幼稚園のとき毎日送って行ったりしたせいで一部の人が僕をかなりの教育熱心だと考えているようだと家人は言う。でも考えてみればすぐにわかることだけど、幼稚園に毎日送って行くことと教育熱心の間には別段つながりらしいつながりは無い。育児に協力的という言い方なら少しはつながりがあるかも知れない。でもその場合、大切にされているのは子供と言うより家人だ。実際、子供を幼稚園に送って行った一番の理由は家人に少しでも多く自分の時間を持ってもらいたかったからだった。生まれてから三歳くらいまでの家人の苦労に少しでも報いたかった。道々子供と交わす会話が楽しかったとしても、それはまた別の効用だった。

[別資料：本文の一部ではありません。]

fun is_pred_ty :: "ty \<Rightarrow> bool" where
  "is_pred_ty Omicron = True"
| "is_pred_ty (Arr r p) = ((r = Iota \<or> is_pred_ty r) \<and> is_pred_ty p)"
| "is_pred_ty Iota = False"

definition is_arg_ty :: "ty \<Rightarrow> bool" where
  "is_arg_ty r \<longleftrightarrow> r = Iota \<or> is_pred_ty r"

fun iota_chain :: "ty \<Rightarrow> bool" where
  "iota_chain Iota = True"
| "iota_chain (Arr Iota r) = iota_chain r"
| "iota_chain _ = False"

definition is_fun_ty :: "ty \<Rightarrow> bool" where
  "is_fun_ty t \<longleftrightarrow> iota_chain t \<and> t \<noteq> Iota"

fun arrows :: "ty list \<Rightarrow> ty \<Rightarrow> ty" where
  "arrows [] t = t"
| "arrows (r # rs) t = Arr r (arrows rs t)"

text \<open>pi is greater than or equal to pi': pi' is obtained from pi by stripping
  zero or more argument types.\<close>
fun ty_ge :: "ty \<Rightarrow> ty \<Rightarrow> bool" where
  "ty_ge (Arr r p) t = (Arr r p = t \<or> ty_ge p t)"
| "ty_ge s t = (s = t)"

type_synonym sym = "string \<times> ty"

datatype trm = Var sym | Con sym | App trm trm

fun ty_of :: "trm \<Rightarrow> ty option" where
  "ty_of (Var v) = Some (snd v)"
| "ty_of (Con c) = Some (snd c)"
| "ty_of (App s t) = (case ty_of s of Some (Arr a b) \<Rightarrow> (if ty_of t = Some a then Some b else None) | _ \<Rightarrow> None)"
definition graph_connected :: "real^'n^'n::finite \<Rightarrow> bool" where
  "graph_connected W \<longleftrightarrow> (\<forall>i j. (i, j) \<in> {(k, l). W $ k $ l > 0}\<^sup>*)"

definition restart_mat :: "real^'n^'n \<Rightarrow> ('n \<Rightarrow> real) \<Rightarrow> real^'n \<Rightarrow> real^'n^'n::finite" where
  "restart_mat W \<alpha> v = diagmat \<alpha> ** transmat W + (mat 1 - diagmat \<alpha>) ** outer ones v"

text \<open>Distribution of X_t (row vector) when X_0 is drawn from v.\<close>
primrec distr :: "real^'n^'n \<Rightarrow> real^'n \<Rightarrow> nat \<Rightarrow> real^'n::finite" where
  "distr M v 0 = v"
| "distr M v (Suc t) = distr M v t v* M"

text \<open>Occupation-time personalized PageRank: \<pi>_j(v) = lim_t P(X_t = j).\<close>
definition pagerank :: "real^'n^'n \<Rightarrow> ('n \<Rightarrow> real) \<Rightarrow> real^'n \<Rightarrow> 'n \<Rightarrow> real" where
  "pagerank W \<alpha> v j = lim (\<lambda>t. distr (restart_mat W \<alpha> v) v t $ j)"

definition Kval :: "real^'n^'n \<Rightarrow> ('n \<Rightarrow> real) \<Rightarrow> 'n::finite \<Rightarrow> real" where
  "Kval W \<alpha> i = 1 / ((matrix_inv (mat 1 - diagmat \<alpha> ** transmat W) *v ones) $ i)"

end

theory Submission
  imports Defs
begin

text \<open>Let R = (I - AP)^-1, the fundamental matrix of the walk that is killed, rather than
  restarted, with probability 1 - \<alpha>_k at node k.  The row vector e_i^T R satisfies
  e_i^T R (I - AP) = e_i^T, and since P preserves total mass this says exactly that e_i^T R is
  invariant for the walk restarting at i; its mass is e_i^T R 1 = 1 / K_i(A), so
  \<pi>_j(i) = K_i(A) R_ij.  Every step restarts at i with probability at least min_k (1 - \<alpha>_k) > 0,
  a Doeblin condition that makes the walk converge geometrically to this invariant vector.
  The claim thus reduces to the symmetry of D A^-1 R, which holds because
  D A^-1 (I - AP) = D A^-1 - W is symmetric.\<close>

definition row_stochastic :: "real^'n^'n::finite \<Rightarrow> bool" where
  "row_stochastic M \<longleftrightarrow> (\<forall>i j. 0 \<le> M $ i $ j) \<and> (\<forall>i. (\<Sum>j\<in>UNIV. M $ i $ j) = 1)"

そういう意味では僕は教育不熱心で、方針として子供に何かをこちらから勧めたりやらせたりすることはしないようにしている。そのかわり子供が自主的に取り組む何かがあった場合にはできるだけ全力でサポートする。前にも書いたけど、おむつが取れたばかりの頃喘息にいいと言うのでプールに連れて行って失敗して以来、プールには二度と連れて行かなかった。今子供は水泳教室に通っているけど、それは幼稚園で水遊びの楽しさを知った子供が、同じクラスの子が通うその教室に入りたいと自分から言ったからだ。
先月中頃子供がくもんの教室に通いたいと言い出した。どうせ学校の友だちと遊び半分で通いたいんだろうと思って聞いてみると、くもんのことは確かに友だちから聞いたがその子と同じ教室でなくても構わない、自分は勉強ができるようになりたいのだと殊勝なことを言う。翌日家人が最寄りの教室に電話すると、折良くその日から体験学習が始まるということだった。週二日で二週間、計四回通った。それで今月から入会することになった。
家人は説明を聞いてきて、あまり早い段階で先まで進んで学習してしまうので、学校での勉強が楽しくなくなってしまうのではないかと心配した。でも僕はとにかく子供の自主性を大事にしたかった。やりたいと言うのならやらせる。
という訳で子供がくもんを始めることを聞きつけた一部の人たちの間で、僕は教育熱心なパパという、より粘着性の高いレッテルを貼られることになりそうだ。おまけに家人が「あたしは疑問だったんだけど、パパが行かせろというから行かせることにした。」と、確かに筋としては間違っていないがニュアンスとしてはほぼ180度間違ったことを伝えているらしく、その他にもいろいろあって困っているんだけど、子供に上から言って勉強とか習い事とかやらせるのは僕は本当に嫌いなんです。